DATA SUPPLIED –
text \<open>The cyclic rotation of a p-tuple of vectors maps the compositions of l into p parts
  to themselves and preserves the weight f(m_0) \<dots> f(m_{p-1}). Its p-th power is the identity, so
  for prime p every orbit is a single point or has exactly p elements; the orbits of size p
  contribute multiples of p. What remains are the constant tuples (m, \<dots>, m), which exist
  only when l = p m and then contribute f(m)^p \<equiv> f(m) (mod p) by Fermat.\<close>

lemma card_orbit_prime_period:
  assumes "prime p" and "(g ^^ p) x = x" and "g x \<noteq> x"
  shows "card (orbit g x) = p"
proof -
  define d where "d = funpow_dist1 g x x"
  have x_in: "x \<in> orbit g x"
    unfolding orbit_altdef using assms(2) prime_gt_0_nat[OF assms(1)] by force
  have period: "(g ^^ d) x = x"
    unfolding d_def by (rule funpow_dist1_prop[OF x_in])
  have "d dvd p"
  proof (rule ccontr)
    assume "\<not> d dvd p"
    then have "0 < p mod d" "p mod d < d"
      using d_def by (auto simp: mod_greater_zero_iff_not_dvd)
    moreover have "(g ^^ (p mod d)) x = x"
      using funpow_mod_eq[OF period, of p] assms(2) by simp
    ultimately show False
      using funpow_dist1_least[of "p mod d" g x x] d_def by simp
  qed
  moreover have "d \<noteq> 1" using period assms(3) by auto
  ultimately have "d = p" using assms(1) by (auto simp: prime_nat_iff)
  moreover have "card (orbit g x) = d"
    unfolding orbit_conv_funpow_dist1[OF x_in] d_def
    using inj_on_funpow_dist1[OF x_in] by (simp add: card_image)
  ultimately show ?thesis by simp
qed

lemma orbit_subset_invariant:
  assumes "x \<in> S" and "g ` S \<subseteq> S"
  shows "orbit g x \<subseteq> S"
proof
  fix y assume "y \<in> orbit g x"
  then show "y \<in> S" using assms by induction auto
qed

lemma orbit_eq_if_in_orbit:
  assumes "x \<in> orbit g x" and "y \<in> orbit g x"
  shows "orbit g y = orbit g x"
  using assms orbit_swap orbit_trans by (metis subsetI subset_antisym)

lemma invariant_const_on_orbit:
  assumes "x \<in> S" and "g ` S \<subseteq> S" and "\<And>y. y \<in> S \<Longrightarrow> w (g y) = w y"
    and "y \<in> orbit g x"
  shows "w y = w x"
  using assms(4)
proof induction
  case base
  then show ?case using assms(1,3) by simp
next
  case (step y)
  then have "y \<in> S" using orbit_subset_invariant[OF assms(1,2)] by blast
  then show ?case using step.IH assms(3) by simp
qed

lemma sum_cong_fixed_points_mod_prime:
  fixes w :: "'a \<Rightarrow> nat"
  assumes "prime p" and "finite S" and "g ` S \<subseteq> S"
    and "\<And>x. x \<in> S \<Longrightarrow> (g ^^ p) x = x" and "\<And>x. x \<in> S \<Longrightarrow> w (g x) = w x"
  shows "[sum w S = sum w {x\<in>S. g x = x}] (mod p)"
proof -
  define T where "T = {x\<in>S. g x \<noteq> x}"
  have self_in: "x \<in> orbit g x" if "x \<in> S" for x
    unfolding orbit_altdef using assms(4)[OF that] prime_gt_0_nat[OF assms(1)] by force
  have orbit_fibre: "{y\<in>T. orbit g y = orbit g x} = orbit g x" if "x \<in> T" for x
  proof -
    have x: "x \<in> S" "g x \<noteq> x" using that T_def by auto
    have "y \<in> T" if y: "y \<in> orbit g x" for y
    proof -
      have "y \<in> S" using orbit_subset_invariant[OF x(1) assms(3)] y by blast
      moreover have "x \<in> orbit g y" by (rule orbit_swap[OF self_in[OF x(1)] y])
      then have "g y \<noteq> y" using x(2) orbit_eq_singleton_iff[of g y] by (metis singletonD)
      ultimately show "y \<in> T" unfolding T_def by simp
    qed
    moreover have "orbit g y = orbit g x" if "y \<in> orbit g x" for y
      by (rule orbit_eq_if_in_orbit[OF self_in[OF x(1)] that])
    moreover have "y \<in> orbit g x" if "y \<in> T" "orbit g y = orbit g x" for y
      using self_in[of y] that unfolding T_def by simp
    ultimately show ?thesis by blast
  qed
  have orbit_sum: "p dvd sum w (orbit g x)" if "x \<in> T" for x
  proof -
    have x: "x \<in> S" "g x \<noteq> x" using that T_def by auto
    have "sum w (orbit g x) = (\<Sum>y\<in>orbit g x. w x)"
      using invariant_const_on_orbit[of x S g w, OF x(1) assms(3) assms(5)]
    by (rule sum.cong[OF refl])
    also have "\<dots> = p * w x"
      using card_orbit_prime_period[OF assms(1) assms(4)[OF x(1)] x(2)] by simp
    finally show ?thesis by simp
  qed
  have "sum w T = (\<Sum>C\<in>orbit g ` T. sum w {y\<in>T. orbit g y = C})"
    using assms(2) unfolding T_def by (intro sum.image_gen) simp
  also have "p dvd \<dots>"
  proof (rule dvd_sum)
    fix C assume "C \<in> orbit g ` T"
    then obtain x where "x \<in> T" "C = orbit g x" by blast
    then show "p dvd sum w {y\<in>T. orbit g y = C}"
      using orbit_fibre orbit_sum by metis
  qed
  finally have "p dvd sum w T" .
  moreover have "sum w S = sum w {x\<in>S. g x = x} + sum w T"
    unfolding T_def using assms(2) by (subst sum.union_disjoint[symmetric]) (auto intro: sum.cong)
  ultimately show ?thesis by (simp add: cong_def mod_add_right_eq[symmetric])
qed

definition rotate_tuple :: "nat \<Rightarrow> (nat \<Rightarrow> 'a) \<Rightarrow> nat \<Rightarrow> 'a" where
  "rotate_tuple k ms = (\<lambda>i\<in>{..<k}. ms (Suc i mod k))"
lemma adjoint_op_cinner:
  assumes T: "bounded_clinear_op T"
  shows "cinner (T x) y = cinner x (adjoint_op T y)"
proof -
  obtain K where K: "\<And>x. norm (T x) \<le> norm x * K"
    using T unfolding bounded_clinear_op_def by blast
  have "\<exists>u. \<forall>x. cinner (T x) y = cinner x u" for y
  proof (rule riesz_representation)
    fix x
    have "cmod (cinner (T x) y) \<le> norm (T x) * norm y" by (rule Cauchy_Schwarz_cinner)
    also have "\<dots> \<le> norm x * K * norm y" using K by (simp add: mult_right_mono)
    finally show "cmod (cinner (T x) y) \<le> norm x * (K * norm y)" by (simp add: mult.assoc)
  qed (simp_all add: bounded_clinear_op_add[OF T] bounded_clinear_op_scaleC[OF T]
      cinner_add_left cinner_scaleC_left)
  hence "\<exists>S. \<forall>x y. cinner (T x) y = cinner x (S y)" by metis
  hence "\<forall>x y. cinner (T x) y = cinner x (adjoint_op T y)"
    unfolding adjoint_op_def by (rule someI_ex)
  thus ?thesis by blast
qed

definition A_residual_orthogonal ::
  "('a::complex_hilbert_space \<Rightarrow> 'a) \<Rightarrow> ('a \<Rightarrow> 'a) \<Rightarrow> ('a \<Rightarrow> 'a) \<Rightarrow> bool" where
  "A_residual_orthogonal A T F \<longleftrightarrow> (\<forall>u w. cinner (A (u - T (F u))) (T w) = 0)"

lemma A_residual_orthogonal_fixes_range:
  assumes A: "positive_op A" and T: "bounded_clinear_op T"
    and orth: "A_residual_orthogonal A T F"
  shows "A (T (F (T x))) = A (T x)"
proof -
  have AL: "bounded_clinear_op A" using A by (rule positive_op_bounded_clinear)
  define z where "z = T (F (T x)) - T x"
  \<comment> \<open>\<open>z\<close> is minus a residual and lies in the range of \<open>T\<close>\<close>
  have "cinner (A (T x - T (F (T x)))) (T (F (T x) - x)) = 0"
    using orth unfolding A_residual_orthogonal_def by blast
  hence "cinner (A (- z)) z = 0" unfolding z_def by (simp add: bounded_clinear_op_diff[OF T])
  hence "Re (cinner (A z) z) = 0"
    by (simp add: bounded_clinear_op_minus[OF AL] cinner_minus_left)
  hence "A z = 0" by (rule positive_op_form_zero_imp_zero[OF A])
  thus ?thesis unfolding z_def by (simp add: bounded_clinear_op_diff[OF AL])
qed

TASK STATEMENT –
Go through the material and select each line with the string "auto" in it.

COMPLETED EXERCISE –
      using d_def by (auto simp: mod_greater_zero_iff_not_dvd)
  moreover have "d \<noteq> 1" using period assms(3) by auto
  ultimately have "d = p" using assms(1) by (auto simp: prime_nat_iff)
  then show "y \<in> S" using assms by induction auto
    have x: "x \<in> S" "g x \<noteq> x" using that T_def by auto
    have x: "x \<in> S" "g x \<noteq> x" using that T_def by auto
    unfolding T_def using assms(2) by (subst sum.union_disjoint[symmetric]) (auto intro: sum.cong)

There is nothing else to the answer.